Task statement
When the string "blast" occurs in a line of the listing below, return that line.

==*==

(* Under the hypotheses that $(\mathcal G_A,p^A)$ and $(\mathcal G_B,p^B)$ are CPS's on the finite set $\Omega$ (satisfying the standing assumptions), each satisfying certainty reflection and being $1$-closed, and for any fixed event $E$ and $q_A,q_B\in[0,1]$: if $\omega\in C^\infty$, then $m(\omega)\subseteq C^\infty$.
   Context: $\Omega$ is a finite set; every subset is an event. A CPS is a pair $(\mathcal G,p)$ where $\mathcal G$ is a family of nonempty subsets of $\Omega$ and $p$ assigns to each $G\in\mathcal G$ a probability measure $p_G$ on $\Omega$ with $p_G(G)=1$ and $p_G(E)=p_G(F)p_F(E)$ whenever $E\subseteq F\subseteq G$, $F,G\in\mathcal G$. Standing assumption: each conditioning family is closed under unions and nonempty intersections and covers $\Omega$. Atom: $m_i(\omega)=\bigcap\{G\in\mathcal G_i:\omega\in G\}$; $m(\omega)=\bigcap\{G\in\mathcal G_A\cap\mathcal G_B:\omega\in G\}$. $(\mathcal G_i,p^i)$ is $1$-closed if every $L\subseteq G$ with $G\in\mathcal G_i$ and $p^i_G(L)=1$ belongs to $\mathcal G_i$. Certainty reflection: for every event $E$, $q\in[0,1]$, $\omega$: $p^i_{m_i(\omega)}(E)=q$ implies $p^i_{m_i(\omega)}(\{\omega':p^i_{m_i(\omega')}(E)=q\})=1$. $C_i(F)=\{\omega:p^i_{m_i(\omega)}(F)=1\}$. $A^0=\{\omega:p^A_{m_A(\omega)}(E)=q_A\}$, $B^0=\{\omega:p^B_{m_B(\omega)}(E)=q_B\}$, $A^{n+1}=A^n\cap C_A(B^n)$, $B^{n+1}=B^n\cap C_B(A^n)$, $C^\infty=\bigcap_{n\ge0}A^n\cap\bigcap_{n\ge0}B^n$. *)

theory Defs
  imports Complex_Main
begin

text \<open>The finite state space Omega is the universe of a finite type 'w.
  A conditioning family is a set of events; the CPS assigns to each
  conditioning event G a set function p G on events.\<close>

definition prob_measure :: "('w set \<Rightarrow> real) \<Rightarrow> bool" where
  "prob_measure \<mu> \<longleftrightarrow>
     (\<forall>E. 0 \<le> \<mu> E) \<and> \<mu> UNIV = 1 \<and>
     (\<forall>E F. E \<inter> F = {} \<longrightarrow> \<mu> (E \<union> F) = \<mu> E + \<mu> F)"

definition cps :: "'w set set \<Rightarrow> ('w set \<Rightarrow> 'w set \<Rightarrow> real) \<Rightarrow> bool" where
  "cps \<G> p \<longleftrightarrow>
     (\<forall>G\<in>\<G>. G \<noteq> {}) \<and>
     (\<forall>G\<in>\<G>. prob_measure (p G) \<and> p G G = 1) \<and>
     (\<forall>E F G. E \<subseteq> F \<longrightarrow> F \<subseteq> G \<longrightarrow> F \<in> \<G> \<longrightarrow> G \<in> \<G> \<longrightarrow> p G E = p G F * p F E)"

definition standing :: "'w set set \<Rightarrow> bool" where
  "standing \<G> \<longleftrightarrow>
     (\<forall>F\<in>\<G>. \<forall>G\<in>\<G>. F \<union> G \<in> \<G>) \<and>
     (\<forall>F\<in>\<G>. \<forall>G\<in>\<G>. F \<inter> G \<noteq> {} \<longrightarrow> F \<inter> G \<in> \<G>) \<and>
     \<Union>\<G> = UNIV"

definition atom :: "'w set set \<Rightarrow> 'w \<Rightarrow> 'w set" where
  "atom \<G> \<omega> = \<Inter>{G\<in>\<G>. \<omega> \<in> G}"

definition one_closed :: "'w set set \<Rightarrow> ('w set \<Rightarrow> 'w set \<Rightarrow> real) \<Rightarrow> bool" where
  "one_closed \<G> p \<longleftrightarrow> (\<forall>G\<in>\<G>. \<forall>L. L \<subseteq> G \<longrightarrow> p G L = 1 \<longrightarrow> L \<in> \<G>)"

definition certainty_reflection :: "'w set set \<Rightarrow> ('w set \<Rightarrow> 'w set \<Rightarrow> real) \<Rightarrow> bool" where
  "certainty_reflection \<G> p \<longleftrightarrow>
     (\<forall>E q \<omega>. 0 \<le> q \<longrightarrow> q \<le> 1 \<longrightarrow> p (atom \<G> \<omega>) E = q \<longrightarrow>
        p (atom \<G> \<omega>) {\<omega>'. p (atom \<G> \<omega>') E = q} = 1)"

definition certain :: "'w set set \<Rightarrow> ('w set \<Rightarrow> 'w set \<Rightarrow> real) \<Rightarrow> 'w set \<Rightarrow> 'w set" where
  "certain \<G> p F = {\<omega>. p (atom \<G> \<omega>) F = 1}"

primrec AB_seq :: "'w set set \<Rightarrow> ('w set \<Rightarrow> 'w set \<Rightarrow> real) \<Rightarrow>
    'w set set \<Rightarrow> ('w set \<Rightarrow> 'w set \<Rightarrow> real) \<Rightarrow> 'w set \<Rightarrow> real \<Rightarrow> real \<Rightarrow> nat \<Rightarrow> 'w set \<times> 'w set" where
  "AB_seq GA pA GB pB E qA qB 0 =
     ({\<omega>. pA (atom GA \<omega>) E = qA}, {\<omega>. pB (atom GB \<omega>) E = qB})"
| "AB_seq GA pA GB pB E qA qB (Suc n) =
     (let (A, B) = AB_seq GA pA GB pB E qA qB n
      in (A \<inter> certain GA pA B, B \<inter> certain GB pB A))"

definition C_inf :: "'w set set \<Rightarrow> ('w set \<Rightarrow> 'w set \<Rightarrow> real) \<Rightarrow>
    'w set set \<Rightarrow> ('w set \<Rightarrow> 'w set \<Rightarrow> real) \<Rightarrow> 'w set \<Rightarrow> real \<Rightarrow> real \<Rightarrow> 'w set" where
  "C_inf GA pA GB pB E qA qB =
     (\<Inter>n. fst (AB_seq GA pA GB pB E qA qB n)) \<inter> (\<Inter>n. snd (AB_seq GA pA GB pB E qA qB n))"

end

theory Submission
  imports Defs
begin

text \<open>Every state of C^\<infinity> makes both agents certain of C^\<infinity>: agent A is
  certain of each A^n by certainty reflection and of each B^n because the state lies
  in A^(n+1), and on a finite space finitely many certain events have a certain
  intersection. An event C that is certain at each of its points belongs to G_i by
  1-closedness: it is the union of the events m_i(\<omega>) \<inter> C, \<omega> \<in> C, each of which
  has conditional probability 1 given m_i(\<omega>). Hence C^\<infinity> is a common
  conditioning event, and so contains the common atom of each of its points.\<close>

lemma prob_measure_add:
  assumes "prob_measure \<mu>" and "X \<inter> Y = {}" and "Z = X \<union> Y"
  shows "\<mu> Z = \<mu> X + \<mu> Y"
  using assms unfolding prob_measure_def by blast

lemma prob_measure_Compl:
  assumes "prob_measure \<mu>"
  shows "\<mu> (- X) = 1 - \<mu> X"
proof -
  have "\<mu> UNIV = \<mu> X + \<mu> (- X)"
    by (rule prob_measure_add[OF assms]) auto
  then show ?thesis
    using assms unfolding prob_measure_def by simp
qed

lemma prob_measure_diff_eq_0:
  assumes "prob_measure \<mu>" and "\<mu> Y = 1"
  shows "\<mu> (X - Y) = 0"
proof -
  have "\<mu> (- Y) = \<mu> (X - Y) + \<mu> (- Y - X)"
    by (rule prob_measure_add[OF assms(1)]) auto
  moreover have "\<mu> (- Y) = 0"
    using prob_measure_Compl[OF assms(1)] assms(2) by simp
  moreover have "0 \<le> \<mu> (X - Y)" "0 \<le> \<mu> (- Y - X)"
    using assms(1) unfolding prob_measure_def by auto
  ultimately show ?thesis by linarith
qed

lemma prob_measure_Int_eq_1:
  assumes "prob_measure \<mu>" and "\<mu> X = 1" and "\<mu> Y = 1"
  shows "\<mu> (X \<inter> Y) = 1"
proof -
  have "\<mu> X = \<mu> (X \<inter> Y) + \<mu> (X - Y)"
    by (rule prob_measure_add[OF assms(1)]) auto
  then show ?thesis
    using assms(2) prob_measure_diff_eq_0[OF assms(1,3)] by simp
qed

lemma prob_measure_Inter_eq_1:
  assumes "finite S" and "prob_measure \<mu>" and "\<And>X. X \<in> S \<Longrightarrow> \<mu> X = 1"
  shows "\<mu> (\<Inter>S) = 1"
  using assms
proof (induction S rule: finite_induct)
  case empty
  then show ?case unfolding prob_measure_def by simp
next
  case (insert X S)
  then show ?case using prob_measure_Int_eq_1[of \<mu> X "\<Inter>S"] by simp
qed

lemma standing_Union_mem:
  assumes "finite S" and "S \<noteq> {}" and "standing \<G>" and "S \<subseteq> \<G>"
  shows "\<Union>S \<in> \<G>"
  using assms
proof (induction S rule: finite_ne_induct)
  case (singleton X)
  then show ?case by simp
next
  case (insert X S)
  then show ?case unfolding standing_def by simp
qed

lemma standing_Inter_mem:
  assumes "finite S" and "S \<noteq> {}" and "standing \<G>" and "S \<subseteq> \<G>" and "\<omega> \<in> \<Inter>S"
  shows "\<Inter>S \<in> \<G>"
  using assms
proof (induction S rule: finite_ne_induct)
  case (singleton X)
  then show ?case by simp
next
  case (insert X S)
  then have "\<Inter>S \<in> \<G>" and "X \<inter> \<Inter>S \<noteq> {}" by auto
  then show ?case using insert.prems unfolding standing_def by simp
qed

lemma mem_atom: "\<omega> \<in> atom \<G> \<omega>"
  unfolding atom_def by blast

lemma atom_mem_family:
  fixes \<G> :: "('w::finite) set set"
  assumes "standing \<G>"
  shows "atom \<G> \<omega> \<in> \<G>"
proof -
  have "\<omega> \<in> \<Union>\<G>" using assms unfolding standing_def by simp
  then have "{G \<in> \<G>. \<omega> \<in> G} \<noteq> {}" by blast
  then show ?thesis
    unfolding atom_def using standing_Inter_mem[OF _ _ assms, of _ \<omega>] by auto
qed

lemma atom_subset:
  assumes "G \<in> \<G>" and "\<omega> \<in> G"
  shows "atom \<G> \<omega> \<subseteq> G"
  using assms unfolding atom_def by blast

lemma prob_measure_atom:
  fixes \<G> :: "('w::finite) set set"
  assumes "cps \<G> p" and "standing \<G>"
  shows "prob_measure (p (atom \<G> \<omega>))" and "p (atom \<G> \<omega>) (atom \<G> \<omega>) = 1"
  using assms atom_mem_family[OF assms(2)] unfolding cps_def by auto

definition self_evident :: "'w set set \<Rightarrow> ('w set \<Rightarrow> 'w set \<Rightarrow> real) \<Rightarrow> 'w set \<Rightarrow> bool" where
  "self_evident \<G> p C \<longleftrightarrow> C \<subseteq> certain \<G> p C"

lemma self_evident_mem_family:
  fixes \<G> :: "('w::finite) set set"
  assumes "cps \<G> p" and "standing \<G>" and "one_closed \<G> p"
    and "self_evident \<G> p C" and "C \<noteq> {}"
  shows "C \<in> \<G>"
proof -
  have piece_mem: "atom \<G> \<omega> \<inter> C \<in> \<G>" if "\<omega> \<in> C" for \<omega>
  proof -
    have "p (atom \<G> \<omega>) C = 1"
      using assms(4) that unfolding self_evident_def certain_def by auto
    then have "p (atom \<G> \<omega>) (atom \<G> \<omega> \<inter> C) = 1"
      by (rule prob_measure_Int_eq_1[OF prob_measure_atom[OF assms(1,2)]])
    moreover have "atom \<G> \<omega> \<in> \<G>"
      using atom_mem_family[OF assms(2)] .
    ultimately show ?thesis
      using assms(3) unfolding one_closed_def by (meson Int_lower1)
  qed
  have "C = \<Union>((\<lambda>\<omega>. atom \<G> \<omega> \<inter> C) ` C)"
    using mem_atom[of _ \<G>] by auto
  also have "\<dots> \<in> \<G>"
    by (rule standing_Union_mem[OF _ _ assms(2)]) (use piece_mem assms(5) in auto)
  finally show ?thesis .
qed

lemma certainty_reflection_certain:
  assumes "certainty_reflection \<G> p" and "p (atom \<G> \<omega>) F = 1"
  shows "p (atom \<G> \<omega>) (certain \<G> p F) = 1"
  using assms(1)[unfolded certainty_reflection_def, rule_format, where E = F and q = 1] assms(2)
  unfolding certain_def by simp

lemma AB_seq_swap:
  "AB_seq GB pB GA pA E qB qA n = prod.swap (AB_seq GA pA GB pB E qA qB n)"
  by (induction n) (auto simp: Let_def split: prod.split)

lemma C_inf_swap:
  "C_inf GB pB GA pA E qB qA = C_inf GA pA GB pB E qA qB"
  unfolding C_inf_def AB_seq_swap[of GB pB GA pA E qB qA] by (simp add: Int_commute)

lemma C_inf_self_evident_fst:
  fixes GA GB :: "('w::finite) set set"
  assumes "cps GA pA" and "standing GA" and "certainty_reflection GA pA"
    and "0 \<le> qA" and "qA \<le> 1"
  shows "self_evident GA pA (C_inf GA pA GB pB E qA qB)"
  unfolding self_evident_def
proof
  define A where "A n = fst (AB_seq GA pA GB pB E qA qB n)" for n
  define B where "B n = snd (AB_seq GA pA GB pB E qA qB n)" for n
  have A_Suc: "A (Suc n) = A n \<inter> certain GA pA (B n)" for n
    unfolding A_def B_def by (simp add: split_def Let_def)
  fix \<omega> assume "\<omega> \<in> C_inf GA pA GB pB E qA qB"
  then have \<omega>_AB: "\<omega> \<in> A n" "\<omega> \<in> B n" for n
    unfolding C_inf_def A_def B_def by auto
  let ?\<mu> = "pA (atom GA \<omega>)"
  have \<mu>: "prob_measure ?\<mu>" using prob_measure_atom(1)[OF assms(1,2)] .
  have certain_B: "?\<mu> (B n) = 1" for n
    using \<omega>_AB(1)[of "Suc n"] unfolding A_Suc certain_def by simp
  have certain_A: "?\<mu> (A n) = 1" for n
  proof (induction n)
    case 0
    have "?\<mu> E = qA" using \<omega>_AB(1)[of 0] unfolding A_def by simp
    then show ?case
      using assms(3-5) unfolding certainty_reflection_def A_def by simp
  next
    case (Suc n)
    then show ?case
      unfolding A_Suc
      using prob_measure_Int_eq_1[OF \<mu>] certainty_reflection_certain[OF assms(3) certain_B] by blast
  qed
  have "?\<mu> (\<Inter>(range A)) = 1" and "?\<mu> (\<Inter>(range B)) = 1"
    by (rule prob_measure_Inter_eq_1[OF _ \<mu>]; use certain_A certain_B in auto)+
  then have "?\<mu> (\<Inter>(range A) \<inter> \<Inter>(range B)) = 1"
    by (rule prob_measure_Int_eq_1[OF \<mu>])
  then show "\<omega> \<in> certain GA pA (C_inf GA pA GB pB E qA qB)"
    unfolding certain_def C_inf_def A_def B_def by simp
qed

theorem lemma4:
  fixes GA GB :: "('w::finite) set set"
    and pA pB :: "'w set \<Rightarrow> 'w set \<Rightarrow> real"
    and E :: "'w set" and qA qB :: real and \<omega> :: 'w
  assumes "cps GA pA" and "standing GA" and "certainty_reflection GA pA" and "one_closed GA pA"
      and "cps GB pB" and "standing GB" and "certainty_reflection GB pB" and "one_closed GB pB"
      and "0 \<le> qA" "qA \<le> 1" "0 \<le> qB" "qB \<le> 1"
      and "\<omega> \<in> C_inf GA pA GB pB E qA qB"
  shows "atom (GA \<inter> GB) \<omega> \<subseteq> C_inf GA pA GB pB E qA qB"
proof -
  let ?C = "C_inf GA pA GB pB E qA qB"
  have "self_evident GA pA ?C"
    using C_inf_self_evident_fst[OF assms(1-3,9,10)] .
  moreover have "self_evident GB pB ?C"
    using C_inf_self_evident_fst[OF assms(5-7,11,12)] by (simp only: C_inf_swap)
  moreover have "?C \<noteq> {}"
    using assms(13) by blast
  ultimately have "?C \<in> GA \<inter> GB"
    using self_evident_mem_family[OF assms(1,2,4)] self_evident_mem_family[OF assms(5,6,8)] by blast
  then show ?thesis
    using atom_subset assms(13) by metis
qed

end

==*==

Solution to this task
  using assms unfolding prob_measure_def by blast
  unfolding atom_def by blast
  then have "{G \<in> \<G>. \<omega> \<in> G} \<noteq> {}" by blast
  using assms unfolding atom_def by blast
      using prob_measure_Int_eq_1[OF \<mu>] certainty_reflection_certain[OF assms(3) certain_B] by blast
    using assms(13) by blast
    using self_evident_mem_family[OF assms(1,2,4)] self_evident_mem_family[OF assms(5,6,8)] by blast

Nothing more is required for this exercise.